UNITED STATES

Community colleges deny access to 400,000 students – Report

Community colleges across America are denying access to hundreds of thousands of students, threatening the nation’s economic future, according to the first report from the Center for the Future of Higher Education, the research arm of a new faculty coalition.

The report, Closing the Door, Increasing the Gap: Who’s not going to (community) college?, found that more than 400,000 prospective students are being turned away from community colleges due to funding cuts, despite an increase in student demand.

Those factored out tend to be low-income or minority students, the core demographic of community colleges.

“At this moment in our history, with the growth demographic being lower-income students and students of colour, when our social, political and economic future depend on contributing to this community’s upward mobility, it is national suicide to be denying these students access to higher education,” Gary Rhoades, author of the report and professor of higher education at the University of Arizona, told University World News.

According to the report, severe state and federal funding cuts in public higher education have led to enrolment caps at community colleges nationwide.

In California, where more than 140,000 students were turned away in the 2010-11 academic year, more than three-quarters of college deans blamed the decline in enrolment on a lack of funding, citing as a primary reason insufficient funds for hiring faculty .

Community colleges have been hit the hardest. Spending per student at community colleges is less than any other sector of not-for-profit tertiary education, and is less than a third of spending at private institutions, according to the report.

Rhoades said this pointed to a worrying trend – that college is becoming the realm of the privileged.

Community colleges are traditionally open-access institutions, catering to those who cannot afford or who are not qualified to attend other types of colleges. Now, underprivileged students are being turned away to make room for middle- and upper-class students who require less financial aid, pay more tuition and are more likely to graduate, he revealed.

It is not only a question of finances. Also to blame, said Rhoades, is President Barack Obama’s goal to increase the number of graduates by 50% by 2020.

The aim to have students graduate at higher rates has led to a focus on students who are likely to succeed, denying access to those who are less likely to do so. The latter tend to be lower income students or students of colour, the fastest growing demographic in the country.
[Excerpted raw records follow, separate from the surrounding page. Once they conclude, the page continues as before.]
lemma Hoeffding_count_lower:
  assumes P: "prob_space P" and S: "S \<in> sets P" and "0 \<le> \<epsilon>" and "0 < n"
  shows "\<exists>E \<in> sets (PiM {..<n} (\<lambda>_. P)).
           1 - exp (- 2 * real n * \<epsilon>\<^sup>2) \<le> measure (PiM {..<n} (\<lambda>_. P)) E \<and>
           (\<forall>\<omega>\<in>E. real n * (measure P S - \<epsilon>) < real (card {i \<in> {..<n}. \<omega> i \<in> S}))"
proof -
  define M where "M = PiM {..<n} (\<lambda>_. P)"
  define X where "X i \<omega> = (indicator S (\<omega> i) :: real)" for i and \<omega> :: "nat \<Rightarrow> _"
  interpret M: prob_space M
    unfolding M_def using P by (rule prob_space_PiM)
  have component: "(\<lambda>\<omega>. \<omega> i) \<in> M \<rightarrow>\<^sub>M P" if "i < n" for i
    unfolding M_def using that by (intro measurable_component_singleton) auto
  have "M.indep_vars (\<lambda>_. P) (\<lambda>i \<omega>. \<omega> i) {..<n}"
    unfolding M_def using P \<open>0 < n\<close> by (intro indep_vars_PiM_components) auto
  then have indep: "M.indep_vars (\<lambda>_. borel) X {..<n}"
    unfolding X_def by (rule M.indep_vars_compose2) (use S in simp)
  have expectation: "M.expectation (X i) = measure P S" if "i < n" for i
  proof -
    have "M.expectation (X i) = (\<integral>x. indicator S x \<partial>distr M P (\<lambda>\<omega>. \<omega> i))"
      unfolding X_def using component[OF that] S by (intro integral_distr[symmetric]) auto
    also have "distr M P (\<lambda>\<omega>. \<omega> i) = P"
      unfolding M_def using P that by (intro distr_PiM_component) auto
    finally show ?thesis
      using S by simp
  qed
  interpret Hoeffding_ineq M "{..<n}" X "\<lambda>_. 0" "\<lambda>_. 1" "\<Sum>i<n. M.expectation (X i)"
    by unfold_locales (auto simp: indep X_def)
  define bad where "bad = {\<omega> \<in> space M. (\<Sum>i<n. X i \<omega>) \<le> (\<Sum>i<n. M.expectation (X i)) - real n * \<epsilon>}"
  have bad_sets: "bad \<in> M.events"
    unfolding bad_def X_def M_def using S by measurable
  have "M.prob bad \<le> exp (- 2 * (real n * \<epsilon>)\<^sup>2 / real n)"
    using Hoeffding_ineq_le[of "real n * \<epsilon>"] \<open>0 \<le> \<epsilon>\<close> \<open>0 < n\<close> unfolding bad_def by simp
  also have "\<dots> = exp (- 2 * real n * \<epsilon>\<^sup>2)"
    using \<open>0 < n\<close> by (simp add: power2_eq_square)
  finally have prob_bad: "M.prob bad \<le> exp (- 2 * real n * \<epsilon>\<^sup>2)" .
  show ?thesis
  proof (intro bexI[of _ "space M - bad"] conjI ballI)
    show "space M - bad \<in> sets (PiM {..<n} (\<lambda>_. P))"
      using bad_sets unfolding M_def by auto
    show "1 - exp (- 2 * real n * \<epsilon>\<^sup>2) \<le> measure (PiM {..<n} (\<lambda>_. P)) (space M - bad)"
      using M.prob_compl[OF bad_sets] prob_bad unfolding M_def by simp
  next
    fix \<omega> assume "\<omega> \<in> space M - bad"
    then have "real n * (measure P S - \<epsilon>) < (\<Sum>i<n. X i \<omega>)"
      unfolding bad_def using expectation by (auto simp: algebra_simps)
    also have "(\<Sum>i<n. X i \<omega>) = real (card {i \<in> {..<n}. \<omega> i \<in> S})"
      unfolding X_def indicator_def by (simp add: sum.If_cases Int_def)
    finally show "real n * (measure P S - \<epsilon>) < real (card {i \<in> {..<n}. \<omega> i \<in> S})" .
  qed
qed
(* Let $p\in(0,1]$. If $p\ge 2^{-d}$, then $\Pi_p$ is almost surely unbounded; if $p<2^{-d}$, then $\Pi_p$ is almost surely bounded.
   Context: For integers $k\ge 0$ let $\mathcal{V}_k:=[-2^k,2^k)^d\subset\mathbf{R}^d$, $\mathcal{S}_0:=\mathcal{V}_0$ and $\mathcal{S}_{k+1}:=\mathcal{V}_{k+1}\setminus\mathcal{V}_k$. For $n\in\mathbf{Z}$, $\mathcal{D}_n$ denotes the set of dyadic cubes $\prod_{i=1}^d[j_i2^n,(j_i+1)2^n)$ with $(j_1,\dots,j_d)\in\mathbf{Z}^d$. Macroscopic fractal percolation: on a probability space $(\Omega,\mathcal{F},\mathbb{P})$, for each integer $k\ge0$ let $\{U_k(Q)\}$ be i.i.d. Uniform$(0,1)$ random variables indexed by the dyadic cubes $Q\subseteq\mathcal{V}_k$ with $Q\in\mathcal{D}_j$ for some $0\le j\le k$, the families for different $k$ being independent. For $x\in\mathcal{V}_k\cap\mathbf{Z}^d$ and $1\le i\le k+1$ let $Q^{(k)}_i(x)$ be the unique cube of $\mathcal{D}_{k+1-i}$ containing $x$. For $p\in(0,1]$, $\Pi_p\subseteq\mathbf{R}^d$ is the union, over all $k\ge0$ and all $x\in\mathbf{Z}^d\cap\mathcal{S}_k$ such that $U_k(Q^{(k)}_i(x))<p$ for every $i=1,\dots,k+1$, of the unit cubes $[x_1,x_1+1)\times\cdots\times[x_d,x_d+1)$. *)

theory Defs
  imports "HOL-Probability.Probability"
begin

text \<open>A dyadic cube of \<D>_n (n \<ge> 0) is encoded as a pair (n, j) with j in Z^d,
  standing for prod_i [j_i 2^n, (j_i+1) 2^n).  Dimension d = CARD('n).\<close>

type_synonym 'n dcube = "nat \<times> (int ^ 'n)"
text \<open>Since \<open>J\<^sub>b \<ge> 0\<close>, the stretching energy of the clamped chain controls everything: with
  \<open>v\<^sub>1 = 0\<close>, every \<open>|v\<^sub>i|\<close> is at most the total variation \<open>T = \<Sum>|v\<^sub>i\<^sub>+\<^sub>1 - v\<^sub>i|\<close>, and
  Cauchy-Schwarz gives \<open>k T\<^sup>2 \<le> 2n J\<^sub>s\<close>. Hence the sublevel set \<open>J - F\<^sup>TV \<le> 0\<close> lies in a compact box
  and a minimizer exists on the closed set \<open>\<U>\<close>. The same estimate makes \<open>J\<close> positive definite,
  so \<open>J - F\<^sup>TV\<close> is strictly midpoint convex on the convex set \<open>\<U>\<close> and the minimizer is unique.\<close>

lemma continuous_attains_inf_sublevel:
  fixes f :: "'a::topological_space \<Rightarrow> real"
  assumes "closed S" and "continuous_on UNIV f" and "x\<^sub>0 \<in> S" and "compact K"
    and "\<And>x. x \<in> S \<Longrightarrow> f x \<le> f x\<^sub>0 \<Longrightarrow> x \<in> K"
  shows "\<exists>x\<in>S. \<forall>y\<in>S. f x \<le> f y"
proof -
  define C where "C = K \<inter> (S \<inter> {x. f x \<le> f x\<^sub>0})"
  have "compact C"
    unfolding C_def using assms(1,2,4) by (intro compact_Int_closed closed_Int closed_Collect_le) auto
  moreover have "x\<^sub>0 \<in> C"
    unfolding C_def using assms(3,5) by auto
  ultimately obtain x where "x \<in> C" and x_min: "\<forall>y\<in>C. f x \<le> f y"
    using continuous_attains_inf[of C f] continuous_on_subset[OF assms(2)] by blast
  moreover have "f x \<le> f y" if "y \<in> S" for y
  proof (cases "f y \<le> f x\<^sub>0")
    case True
    then show ?thesis
      using that x_min assms(5) unfolding C_def by blast
  next
    case False
    then show ?thesis
      using x_min \<open>x\<^sub>0 \<in> C\<close> by fastforce
  qed
  ultimately show ?thesis
    unfolding C_def by blast
qed
theorem proposition1:
  fixes \<alpha> \<tau> R :: real and N mc :: nat
    and lam :: "nat \<Rightarrow> complex" and P Q :: "complex mat"
  defines "Ac \<equiv> map_mat complex_of_real (gk_A \<alpha> \<tau> N)"
  assumes alpha: "0 < \<alpha>" "\<alpha> < 1"
    and tau: "0 < \<tau>"
    and N: "2 \<le> N" and mc: "1 \<le> mc" "mc < N"
    and R: "0 < R"
    and diagonalizable: "\<exists>D. diagonal_mat D \<and> similar_mat Ac D"
    and P_carrier: "P \<in> carrier_mat N N"
    and eigvecs: "\<forall>i<N. col P i \<noteq> 0\<^sub>v N \<and> Ac *\<^sub>v col P i = lam i \<cdot>\<^sub>v col P i"
    and multiplicity: "char_poly Ac = (\<Prod>i<N. [:- lam i, 1:])"
    and ordered: "\<forall>i j. i < j \<and> j < N \<longrightarrow>
                    Re (lam j) < Re (lam i) \<or> (Re (lam j) = Re (lam i) \<and> Im (lam j) \<le> Im (lam i))"
    and Q_carrier: "Q \<in> carrier_mat N N"
    and Q_eigvecs: "\<forall>i<N. col Q i \<noteq> 0\<^sub>v N \<and>
                      (\<exists>\<mu>. mat_adjoint Ac *\<^sub>v col Q i = \<mu> \<cdot>\<^sub>v col Q i)"
    and QP: "mat_adjoint Q * P = 1\<^sub>m N"
  shows "\<exists>C > 0. \<forall>(tm::real) (y :: real \<Rightarrow> real vec) (z :: real \<Rightarrow> complex vec)
           (\<phi> :: complex vec \<Rightarrow> complex vec).
      0 < tm
      \<and> (\<forall>t\<in>{0..tm}. y t \<in> carrier_vec N)
      \<and> (\<forall>t\<in>{0..tm}. \<forall>i<N. ((\<lambda>s. y s $ i) has_real_derivative
             ((gk_A \<alpha> \<tau> N *\<^sub>v y t + gk_G2 \<alpha> N (y t) + gk_G3 N (y t)) $ i)) (at t within {0..tm}))
      \<and> (\<forall>t\<in>{0..tm}. z t \<in> carrier_vec N \<and> P *\<^sub>v z t = map_vec complex_of_real (y t))
      \<and> (\<forall>v\<in>col_space (first_cols mc P). \<phi> v \<in> col_space (last_cols mc P))
      \<and> (\<forall>i<N. continuous_on {0..tm}
             (\<lambda>t. \<phi> (first_cols mc P *\<^sub>v first_entries mc (z t)) $ i))
      \<and> (\<forall>t\<in>{0..tm}. cnorm (map_vec complex_of_real (y t)) \<le> R)
      \<and> (\<forall>t\<in>{0..tm}. cnorm (first_cols mc P *\<^sub>v first_entries mc (z t)
                              + \<phi> (first_cols mc P *\<^sub>v first_entries mc (z t))) \<le> R)
      \<longrightarrow>
      time_avg tm (\<lambda>t.
         (cnorm (vec mc (\<lambda>i. vector_derivative (\<lambda>s. z s $ i) (at t within {0..tm}))
                 - vec mc (\<lambda>i. lam i * z t $ i)
                 - mat_adjoint (first_cols mc Q) *\<^sub>v
                     (gk_G2 \<alpha> N (first_cols mc P *\<^sub>v first_entries mc (z t)
                                  + \<phi> (first_cols mc P *\<^sub>v first_entries mc (z t)))
                      + gk_G3 N (first_cols mc P *\<^sub>v first_entries mc (z t)
                                  + \<phi> (first_cols mc P *\<^sub>v first_entries mc (z t))))))^2)
      \<le> C * time_avg tm (\<lambda>t.
         (cnorm (last_cols mc P *\<^sub>v last_entries mc (z t)
                 - \<phi> (first_cols mc P *\<^sub>v first_entries mc (z t))))^2)"
proof -
  \<comment> \<open>Only \<open>Q\<^sup>* P = I\<close> and the eigenvector equations for \<open>P\<close> enter the estimate.\<close>
  have FQ: "mat_adjoint (first_cols mc Q) \<in> carrier_mat mc N"
    using Q_carrier by (simp add: first_cols_def mat_adjoint_carrier)
  obtain C where C: "0 < C" and G_bound: "\<And>Y u. Y \<in> carrier_vec N \<Longrightarrow> u \<in> carrier_vec N \<Longrightarrow>
      cnorm Y \<le> R \<Longrightarrow> cnorm u \<le> R \<Longrightarrow>
      (cnorm (mat_adjoint (first_cols mc Q) *\<^sub>v
         ((gk_G2 \<alpha> N Y + gk_G3 N Y) - (gk_G2 \<alpha> N u + gk_G3 N u))))^2 \<le> C * (cnorm (Y - u))^2"
    using gk_G_diff_mult_mat_vec_bound[OF FQ] by blast
  show ?thesis
    apply (intro exI[of _ C] conjI C allI impI)
    subgoal premises H for tm y z \<phi>
    proof -
      interpret gk_modal_trajectory \<alpha> \<tau> N lam P Q tm y z
        using H P_carrier Q_carrier eigvecs QP by unfold_locales (auto simp: Ac_def)
      show ?thesis
        by (rule time_avg_modal_residual_le[unfolded low_modes_def high_modes_def])
          (use H mc C G_bound in auto)
    qed
    done
qed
The solution lies in first identifying the problem, said Rhoades. Faculty need to track how many students are being denied access, and publicise those numbers. The social class and ethnicity of these students also needs to be analysed.

“There are various actions that faculty, working in concert with other groups, can take to challenge and change the course of policy and practice in community colleges,” writes Rhoades.

The research centre behind the report is the virtual think-tank of the Campaign for the Future of Higher Education, a grassroots coalition of academic leaders from 22 American states. The aim of the group, which was formed last year, is to give college faculty a voice in the national debate over higher education, said Rhoades.

The goal of the campaign’s first report, he said, is to highlight what is happening to the nation’s students as a result of current public higher education policy.

“We want to change the conversation, by calling out the fact that our current path is not working, that the idea of educating more students with no new resources is an emperor that has no clothes,” said Rhoades.